Saved data entries:
(* Let $\lambda$ be a partition of $n$. Denote by $\mathsf{CS}(\lambda)_{[1,n-1]}$ the graph obtained from the crystal skeleton $\mathsf{CS}(\lambda)$ by removing all edges whose label $I$ satisfies $n\in I$. Then there is a graph isomorphism $$\mathsf{CS}(\lambda)_{[1,n-1]}\cong\bigoplus_{\lambda^-}\mathsf{CS}(\lambda^-),$$ where the sum (disjoint union) is over all partitions $\lambda^-$ such that $\lambda/\lambda^-$ is a single box.
   Context: French notation; $\mathsf{SYT}(\lambda)$ standard tableaux; $\mathsf{row}(T)$ reads rows left to right from top row to bottom row; $\mathsf{std}$ replaces the $a_j$ entries $j$, in reading order, by $a_1+\dots+a_{j-1}+1,\dots,a_1+\dots+a_j$. Crystal operator $f_i$: in the subword of letters $i,i+1$ of the reading word, bracket each $i+1$ with an unbracketed $i$ to its right (parenthesis matching); $f_i$ changes the rightmost unbracketed $i$ to $i+1$. For a permutation $\pi$ of $[N]$ and $I=[i,i+2m]\subseteq[N]$, $m\ge1$, $I$ is a Dyck pattern interval of $\pi$ if the RSK insertion tableau of the subword $\pi|_I$ of letters in $I$ has bottom row $i,\dots,i+m$ and top row $i+m+1,\dots,i+2m$; a Dyck pattern interval of $T$ is one of $\mathsf{row}(T)$. The crystal skeleton $\mathsf{CS}(\lambda)$, $|\lambda|=N$, is the directed graph on $\mathsf{SYT}(\lambda)$ with, for each Dyck pattern interval $I=[i,i+2m]$ of $T$, an edge $T\xrightarrow{I}\mathsf{std}(f_i(b))$ labeled $I$, where $b$ is obtained from $T$ by replacing entries $i,\dots,i+m$ by $i$ and $i+m+1,\dots,i+2m$ by $i+1$. (Equivalently, it is the crystal of semistandard tableaux with each quasi-crystal $\{b:\mathsf{std}(b)=T\}$ contracted to a vertex.) Graph isomorphisms here are of directed edge-labeled graphs. *)

theory Defs
  imports Main
begin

TASK GOAL: Each line of the data is to be retyped exactly.

THE COMPLETED TASK:
(* Let $\lambda$ be a partition of $n$. Denote by $\mathsf{CS}(\lambda)_{[1,n-1]}$ the graph obtained from the crystal skeleton $\mathsf{CS}(\lambda)$ by removing all edges whose label $I$ satisfies $n\in I$. Then there is a graph isomorphism $$\mathsf{CS}(\lambda)_{[1,n-1]}\cong\bigoplus_{\lambda^-}\mathsf{CS}(\lambda^-),$$ where the sum (disjoint union) is over all partitions $\lambda^-$ such that $\lambda/\lambda^-$ is a single box.
   Context: French notation; $\mathsf{SYT}(\lambda)$ standard tableaux; $\mathsf{row}(T)$ reads rows left to right from top row to bottom row; $\mathsf{std}$ replaces the $a_j$ entries $j$, in reading order, by $a_1+\dots+a_{j-1}+1,\dots,a_1+\dots+a_j$. Crystal operator $f_i$: in the subword of letters $i,i+1$ of the reading word, bracket each $i+1$ with an unbracketed $i$ to its right (parenthesis matching); $f_i$ changes the rightmost unbracketed $i$ to $i+1$. For a permutation $\pi$ of $[N]$ and $I=[i,i+2m]\subseteq[N]$, $m\ge1$, $I$ is a Dyck pattern interval of $\pi$ if the RSK insertion tableau of the subword $\pi|_I$ of letters in $I$ has bottom row $i,\dots,i+m$ and top row $i+m+1,\dots,i+2m$; a Dyck pattern interval of $T$ is one of $\mathsf{row}(T)$. The crystal skeleton $\mathsf{CS}(\lambda)$, $|\lambda|=N$, is the directed graph on $\mathsf{SYT}(\lambda)$ with, for each Dyck pattern interval $I=[i,i+2m]$ of $T$, an edge $T\xrightarrow{I}\mathsf{std}(f_i(b))$ labeled $I$, where $b$ is obtained from $T$ by replacing entries $i,\dots,i+m$ by $i$ and $i+m+1,\dots,i+2m$ by $i+1$. (Equivalently, it is the crystal of semistandard tableaux with each quasi-crystal $\{b:\mathsf{std}(b)=T\}$ contracted to a vertex.) Graph isomorphisms here are of directed edge-labeled graphs. *)

theory Defs
  imports Main
begin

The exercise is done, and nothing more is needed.